It’s a murky world of tendering out there

It is reassuring to see that Tony Bingham (7 September, page 44) has rubbished so effectively the Office of Fair Trading’s (OFT) heavy handed attempts to outlaw the practice of cover pricing - a device in which a contractor avoids having to inform the client that he doesn’t want the job by simply making sure his tender will be higher than the others. Bingham suggests the OFT did not understand the difference between a cover (legal), and collusive tendering (illegal).

The market place is notoriously uncertain. Tendering strategy is almost an art form - which schemes to bid for, guessing how they will fit your programme, and allowing for schemes to be abandoned at the last minute. These, and many other constraints, are matters of fine judgment. One particular factor is the damage to the relationship between contractor and client by declining to tender, and the risk that the client will not ask the contractor to tender again.

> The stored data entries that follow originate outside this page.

lemma iso_lift_along_monos:
  assumes "group B" "group D" "monomorphism B A \<pi>" "monomorphism D E \<rho>"
    and "\<gamma> \<in> iso A E" "\<gamma> ` \<pi> ` carrier B = \<rho> ` carrier D"
  shows "\<exists>\<sigma>\<in>iso B D. \<forall>b\<in>carrier B. \<rho> (\<sigma> b) = \<gamma> (\<pi> b)"
proof -
  have "\<gamma> \<circ> \<pi> \<in> hom B E" "inj_on (\<gamma> \<circ> \<pi>) (carrier B)"
    using monomorphism_comp_iso[OF assms(3,5)] by (simp_all add: monomorphism_def)
  then show ?thesis
    using iso_factor_through_mono[of B D "\<gamma> \<circ> \<pi>" E \<rho>] assms
    by (auto simp: monomorphism_def group.is_monoid image_comp)
qed

definition induced_auts :: "('a, 'x) monoid_scheme \<Rightarrow> ('b, 'y) monoid_scheme \<Rightarrow> ('b \<Rightarrow> 'a) \<Rightarrow> ('b \<Rightarrow> 'b) set"
  where "induced_auts A B \<pi> = {r \<in> iso B B. \<exists>a\<in>iso A A. \<forall>b\<in>carrier B. a (\<pi> b) = \<pi> (r b)}"

lemma id_in_induced_auts: "(\<lambda>b. b) \<in> induced_auts A B \<pi>"
  unfolding induced_auts_def by (auto intro!: bexI[of _ "\<lambda>x. x"] iso_set_refl)

lemma induced_auts_comp:
  assumes "r \<in> induced_auts A B \<pi>" "s \<in> induced_auts A B \<pi>"
  shows "r \<circ> s \<in> induced_auts A B \<pi>"
proof -
  obtain a a' where "a \<in> iso A A" "a' \<in> iso A A"
    and "\<forall>b\<in>carrier B. a (\<pi> b) = \<pi> (r b)" "\<forall>b\<in>carrier B. a' (\<pi> b) = \<pi> (s b)"
    using assms by (auto simp: induced_auts_def)
  moreover have "s b \<in> carrier B" if "b \<in> carrier B" for b
    using assms(2) that by (auto simp: induced_auts_def iso_def hom_def)
  ultimately show ?thesis
    using assms by (auto simp: induced_auts_def intro!: iso_set_trans bexI[of _ "a \<circ> a'"])
qed

lemma induced_auts_cong:
  assumes "r \<in> induced_auts A B \<pi>" "\<theta> \<in> iso B B" "\<And>b. b \<in> carrier B \<Longrightarrow> \<theta> b = r b"
  shows "\<theta> \<in> induced_auts A B \<pi>"
  using assms by (auto simp: induced_auts_def)

lemma induced_autsI:
  assumes "group A" "group B" "finite (carrier B)" "monomorphism B A \<pi>"
    and a: "a \<in> iso A A" "a ` \<pi> ` carrier B \<subseteq> \<pi> ` carrier B"
  shows "\<exists>r\<in>induced_auts A B \<pi>. \<forall>b\<in>carrier B. \<pi> (r b) = a (\<pi> b)"
proof -
  have \<pi>: "\<pi> \<in> hom B A" "inj_on \<pi> (carrier B)"
    using assms(4) by (auto simp: monomorphism_def)
  have a\<pi>: "a \<circ> \<pi> \<in> hom B A" "inj_on (a \<circ> \<pi>) (carrier B)"
    using monomorphism_comp_iso[OF assms(4) a(1)] by (simp_all add: monomorphism_def)
  have "card ((a \<circ> \<pi>) ` carrier B) = card (\<pi> ` carrier B)"
    using card_image[OF a\<pi>(2)] card_image[OF \<pi>(2)] by simp
  then have img: "(a \<circ> \<pi>) ` carrier B = \<pi> ` carrier B"
    using a(2) assms(3) card_subset_eq[of "\<pi> ` carrier B" "a ` \<pi> ` carrier B"] by (simp add: image_comp)
  obtain r where "r \<in> iso B B" and r: "\<forall>b\<in>carrier B. \<pi> (r b) = a (\<pi> b)"
    using iso_factor_through_mono[OF _ _ a\<pi> \<pi> img] assms(2)
    by (auto simp: group.is_monoid)
  then show ?thesis
    using a(1) by (auto simp: induced_auts_def intro!: bexI[of _ r] bexI[of _ a])
qed

theorem isomorphic_amalgams_if_induced_auts_factor:
  assumes "amalgam A1 A2 B \<pi>1 \<pi>2" "amalgam C1 C2 D \<rho>1 \<rho>2"
    and "same_type A1 A2 B \<pi>1 \<pi>2 C1 C2 D \<rho>1 \<rho>2"
    and factor: "\<And>\<theta>. \<theta> \<in> iso B B \<Longrightarrow> \<exists>r\<in>induced_auts A1 B \<pi>1. \<theta> \<circ> r \<in> induced_auts A2 B \<pi>2"
  shows "isomorphic_amalgams A1 A2 B \<pi>1 \<pi>2 C1 C2 D \<rho>1 \<rho>2"
proof -
  have A: "group A1" "group A2" "group B" "monomorphism B A1 \<pi>1" "monomorphism B A2 \<pi>2"
    and C: "group C1" "group C2" "group D" "monomorphism D C1 \<rho>1" "monomorphism D C2 \<rho>2"
    using assms(1,2) by (auto simp: amalgam_def)
  obtain \<alpha> \<beta> where \<alpha>: "\<alpha> \<in> iso A1 C1" "\<alpha> ` \<pi>1 ` carrier B = \<rho>1 ` carrier D"
    and \<beta>: "\<beta> \<in> iso A2 C2" "\<beta> ` \<pi>2 ` carrier B = \<rho>2 ` carrier D"
    using assms(3) by (auto simp: same_type_def)
  obtain \<sigma>1 where \<sigma>1: "\<sigma>1 \<in> iso B D" "\<forall>b\<in>carrier B. \<rho>1 (\<sigma>1 b) = \<alpha> (\<pi>1 b)"
    using iso_lift_along_monos[OF A(3) C(3) A(4) C(4) \<alpha>] by blast
  obtain \<sigma>2 where \<sigma>2: "\<sigma>2 \<in> iso B D" "\<forall>b\<in>carrier B. \<rho>2 (\<sigma>2 b) = \<beta> (\<pi>2 b)"
    using iso_lift_along_monos[OF A(3) C(3) A(5) C(5) \<beta>] by blast
  \<comment> \<open>\<open>\<theta>\<close> compares the two identifications of \<open>B\<close> with \<open>D\<close>; automorphisms \<open>a1\<close>, \<open>a2\<close>
    inducing \<open>r\<close> and \<open>\<theta> \<circ> r\<close> correct \<open>\<alpha>\<close> and \<open>\<beta>\<close> so that both agree with \<open>\<sigma>1 \<circ> r\<close>.\<close>
  define \<theta> where "\<theta> = inv_into (carrier B) \<sigma>2 \<circ> \<sigma>1"
  have \<theta>: "\<theta> \<in> iso B B"
    unfolding \<theta>_def using \<sigma>1(1) \<sigma>2(1) A(3) by (metis group.iso_set_sym iso_set_trans)
  have \<sigma>2_\<theta>: "\<sigma>2 (\<theta> b) = \<sigma>1 b" if "b \<in> carrier B" for b
  proof -
    have "\<sigma>1 b \<in> \<sigma>2 ` carrier B"
      using \<sigma>1(1) \<sigma>2(1) that by (auto simp: iso_def bij_betw_def hom_def)
    then show ?thesis by (simp add: \<theta>_def f_inv_into_f)
  qed
  obtain r a1 where r: "r \<in> iso B B" and a1: "a1 \<in> iso A1 A1" "\<forall>b\<in>carrier B. a1 (\<pi>1 b) = \<pi>1 (r b)"
    and "\<theta> \<circ> r \<in> induced_auts A2 B \<pi>2"
    using factor[OF \<theta>] by (auto simp: induced_auts_def)
  then obtain a2 where a2: "a2 \<in> iso A2 A2" "\<forall>b\<in>carrier B. a2 (\<pi>2 b) = \<pi>2 (\<theta> (r b))"
    by (auto simp: induced_auts_def)
  have r_closed: "r b \<in> carrier B" if "b \<in> carrier B" for b
    using r that by (auto simp: iso_def hom_def)
  show ?thesis
    unfolding isomorphic_amalgams_def
  proof (intro exI conjI ballI)
    show "\<alpha> \<circ> a1 \<in> iso A1 C1" "\<beta> \<circ> a2 \<in> iso A2 C2" "\<sigma>1 \<circ> r \<in> iso B D"
      using \<alpha>(1) \<beta>(1) \<sigma>1(1) a1(1) a2(1) r by (auto intro: iso_set_trans)
  next
    fix b assume b: "b \<in> carrier B"
    then have rb: "r b \<in> carrier B" "\<theta> (r b) \<in> carrier B"
      using r_closed \<theta> by (auto simp: iso_def hom_def)
    show "(\<alpha> \<circ> a1) (\<pi>1 b) = \<rho>1 ((\<sigma>1 \<circ> r) b)"
      using a1(2) \<sigma>1(2) b rb by simp
    have "(\<beta> \<circ> a2) (\<pi>2 b) = \<rho>2 (\<sigma>2 (\<theta> (r b)))"
      using a2(2) \<sigma>2(2) b rb by simp
    also have "\<dots> = \<rho>2 ((\<sigma>1 \<circ> r) b)"
      using \<sigma>2_\<theta> rb by simp
    finally show "(\<beta> \<circ> a2) (\<pi>2 b) = \<rho>2 ((\<sigma>1 \<circ> r) b)" .
  qed
qed

lemma involution_subgroup:
  assumes "group G" "c \<in> carrier G" "c \<otimes>\<^bsub>G\<^esub> c = \<one>\<^bsub>G\<^esub>"
  shows "subgroup {\<one>\<^bsub>G\<^esub>, c} G"
proof -
  interpret G: group G by fact
  have "inv\<^bsub>G\<^esub> c = c" using G.inv_equality[OF assms(3,2,2)] .
  then show ?thesis
    using assms(2,3) by (auto intro!: subgroup.intro)
qed

lemma central_involution_image_normal:
  assumes "group A" "group B" "\<pi> \<in> hom B A" "z \<in> carrier B" "z \<otimes>\<^bsub>B\<^esub> z = \<one>\<^bsub>B\<^esub>"
    and central: "\<forall>y\<in>carrier A. y \<otimes>\<^bsub>A\<^esub> \<pi> z = \<pi> z \<otimes>\<^bsub>A\<^esub> y"
  shows "\<pi> ` {\<one>\<^bsub>B\<^esub>, z} \<lhd> A"
proof -
  interpret A: group A by fact
  have img: "\<pi> ` {\<one>\<^bsub>B\<^esub>, z} = {\<one>\<^bsub>A\<^esub>, \<pi> z}" and \<pi>z: "\<pi> z \<in> carrier A" "\<pi> z \<otimes>\<^bsub>A\<^esub> \<pi> z = \<one>\<^bsub>A\<^esub>"
    using assms(2-5) hom_one[OF assms(3,2,1)] hom_in_carrier[OF assms(3)] by (simp_all flip: hom_mult)
  have "x \<otimes>\<^bsub>A\<^esub> h \<otimes>\<^bsub>A\<^esub> inv\<^bsub>A\<^esub> x \<in> {\<one>\<^bsub>A\<^esub>, \<pi> z}" if "x \<in> carrier A" "h \<in> {\<one>\<^bsub>A\<^esub>, \<pi> z}" for x h
    using that \<pi>z central[rule_format, OF that(1)] by (auto simp: A.m_assoc)
  then show ?thesis
    unfolding img A.normal_inv_iff using involution_subgroup[OF assms(1) \<pi>z] by blast
qed

lemma primitive_amalgam_no_common_central_involution:
  assumes "amalgam A1 A2 B \<pi>1 \<pi>2" "primitive_amalgam A1 A2 B \<pi>1 \<pi>2"
    and z: "z \<in> carrier B" "z \<otimes>\<^bsub>B\<^esub> z = \<one>\<^bsub>B\<^esub>" "z \<noteq> \<one>\<^bsub>B\<^esub>"
    and central1: "\<forall>y\<in>carrier A1. y \<otimes>\<^bsub>A1\<^esub> \<pi>1 z = \<pi>1 z \<otimes>\<^bsub>A1\<^esub> y"
  shows "\<exists>y\<in>carrier A2. y \<otimes>\<^bsub>A2\<^esub> \<pi>2 z \<noteq> \<pi>2 z \<otimes>\<^bsub>A2\<^esub> y"
proof (rule ccontr)
  assume "\<not> ?thesis"
  then have central2: "\<forall>y\<in>carrier A2. y \<otimes>\<^bsub>A2\<^esub> \<pi>2 z = \<pi>2 z \<otimes>\<^bsub>A2\<^esub> y" by blast
  have A: "group A1" "group A2" "group B" and \<pi>: "\<pi>1 \<in> hom B A1" "\<pi>2 \<in> hom B A2"
    using assms(1) by (auto simp: amalgam_def monomorphism_def)
  have "{\<one>\<^bsub>B\<^esub>, z} = {\<one>\<^bsub>B\<^esub>}"
    using assms(2) involution_subgroup[OF A(3) z(1,2)]
      central_involution_image_normal[OF A(1,3) \<pi>(1) z(1,2) central1]
      central_involution_image_normal[OF A(2,3) \<pi>(2) z(1,2) central2]
    unfolding primitive_amalgam_def by blast
  then show False using z(3) by blast
qed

Thus, cover pricing must continue to be a device available to the over stretched contractor.

But one thing that Bingham overlooks is that the contractor has to know at least one of the other bidders before he can get a cover. The cover price itself has to be judged carefully, so that it looks realistic, yet safely too high to be considered. I have suspected in my professional life there to be a murky underworld network of exchanging information by contractors during the tendering process. Whether this amounts to collusion is a matter for speculation, but if the OFT found evidence, they may well be justified in punishing some contractors.